The reasonable man adapts himself to the world; the unreasonable one persists in trying to adapt the world to himself. Therefore all progress depends on the unreasonable man.

  • George Bernard Shaw

February 25

Opportunities to find deeper powers within ourselves come when life seems most challenging.

  • Joseph Campbell, American author, philosopher, and teacher (1904 – 1987)

February 26

The closer he got to the realization of his dream, the more difficult things became.

  • The Alchemist (2:04:04)

February 27

The fool who persists in his folly will become wise.

  • William Blake

February 28

Talent hits a target no one else can hit; genius hits a target no one else can see.

  • Arthur Schopenhauer

March 1

When a true genius appears in the world, you may know him by this sign, that the dunces are all in confederacy against him.

  • Jonathan Swift

March 2

The first work of the hero is to retreat from the world to zones of the psyche where the difficulties really reside, and there to clarify the difficulties, eradicate them and break through to the undistorted, direct experience and assimilation of what Carl Jung has called “the archetypal images. (This is the process known to Hindu and Buddhist philosophy as viveka, “discrimination.)

  • Joseph Campbell, The Hero With a Thousand Faces

March 3

Let go your earthly tether, Enter the void. Empty, and become wind.

  • Zaheer/Guru Laghima (Legend of Korra)

March 4

The fear of death follows from the fear of life. A man who lives fully is prepared to die at any time.

  • Mark Twain

March 5

I'm the one that's got to die when it's time for me to die, so let me live my life the way I want to.

  • Jimi Hendrix

March 6

Life's most persistent and urgent question is: "What are you doing for others?"

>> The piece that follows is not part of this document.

(* Suppose the nilpotent subalgebra $N=\mathrm{span}_{\mathbb{C}}\{I_{m+1},\dots,I_n\}$ of $\mathbb{A}_n^m$ is a zero algebra, i.e. $I_rI_s=0$ for all $r,s\in\{m+1,\dots,n\}$. Then for every circle $C$ as described in the context, $\lambda:=\int_C\zeta^{-1}\,d\zeta=2\pi i$ (that is, $2\pi i$ times the unit $1$ of $\mathbb{A}_n^m$).
   Context: Fix natural numbers $m\le n$. $\mathbb{A}_n^m$ is a commutative associative algebra with unit over $\mathbb{C}$ with a basis $\{I_k\}_{k=1}^n$ satisfying: (1) for $r,s\in\{1,\dots,m\}$, $I_rI_s=0$ if $r\ne s$ and $I_rI_r=I_r$; (2) for $r,s\in\{m+1,\dots,n\}$, $I_rI_s=\sum_{k=\max\{r,s\}+1}^{n}\Upsilon^{s}_{r,k}I_k$ with constants $\Upsilon^s_{r,k}\in\mathbb{C}$; (3) for each $s\in\{m+1,\dots,n\}$ there is a unique $u_s\in\{1,\dots,m\}$ such that for $r\in\{1,\dots,m\}$, $I_rI_s=I_s$ if $r=u_s$ and $0$ otherwise. Unit $1=\sum_{u=1}^mI_u$; $\mathbb{A}_n^m=S\oplus_sN$ with $S=\mathrm{span}\{I_1,\dots,I_m\}$ semisimple and $N=\mathrm{span}\{I_{m+1},\dots,I_n\}$ nilpotent. $f_u(\sum_k\lambda_kI_k)=\lambda_u$. Let $e_1=1$, $e_2=\sum_ka_kI_k$, $e_3=\sum_kb_kI_k$ ($a_k,b_k\in\mathbb{C}$) be linearly independent over $\mathbb{R}$; $\zeta=xe_1+ye_2+ze_3$ ($x,y,z\in\mathbb{R}$), $E_3$ their real span. Standing assumption: $f_u(E_3)=\mathbb{C}$ for all $u=1,\dots,m$. $\zeta$ is non-invertible exactly when $(x,y,z)$ lies on one of the lines $L_u=\{x+y\,\mathrm{Re}\,a_u+z\,\mathrm{Re}\,b_u=0,\ y\,\mathrm{Im}\,a_u+z\,\mathrm{Im}\,b_u=0\}$. The circle: $C\subset E_3$ is $C=\{xe_1+ye_2+ze_3:(x,y,z)\in C'\}$ for a Euclidean circle $C'\subset\mathbb{R}^3$ of radius $R>0$ centered at the origin, such that for every $u=1,\dots,m$ the image $f_u(C)$ is a positively oriented closed Jordan curve in $\mathbb{C}$ bounding a domain containing $0$ (so $C$ avoids $\bigcup_uL_u$). Integral: for a Jordan rectifiable curve $\gamma$ and continuous $\Psi=\sum_k(U_k+iV_k)I_k$ on $\gamma_\zeta$, $\int_{\gamma_\zeta}\Psi d\zeta:=\sum_kI_k\int_\gamma(U_k+iV_k)dx+\sum_ke_2I_k\int_\gamma(U_k+iV_k)dy+\sum_ke_3I_k\int_\gamma(U_k+iV_k)dz$. *)

theory Defs
  imports "HOL-Complex_Analysis.Complex_Analysis"
begin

  • Martin Luther King Jr.

March 7

Games have the power to distract people from stressful situations.

  • Michael Scott

March 8

"I'm still waiting for your idea so we can all quit our jobs."

  • T.K. (1/18/22)

March 9

It turns out that having the discipline to live frugally, to invest rather than spend, to mend and make do, and to be able to live for longer and longer periods of time without having to work, are true measures of wealth. Deeply enjoying whatever it is you’re experiencing right now is the ultimate wealth.

March 10

A taste of freedom can make you unemployable.

  • Naval Ravikant

March 11

Some people never go crazy. What truly horrible lives they must lead.

  • Charles Bukowski

March 12

The reason I talk to myself is because I’m the only one whose answers I accept.

  • George Carlin

March 13

When the great innovation appears, it will almost certainly be in a muddled, incomplete and confusing form. To the discoverer himself it will be only half understood; to everybody else it will be a mystery (seem full of contradictions and difficulties). (It will not be fully appreciated until many years later, when the new idea is integrated into the fabric of knowledge.) For any speculation which does not at first glance look crazy, there is no hope.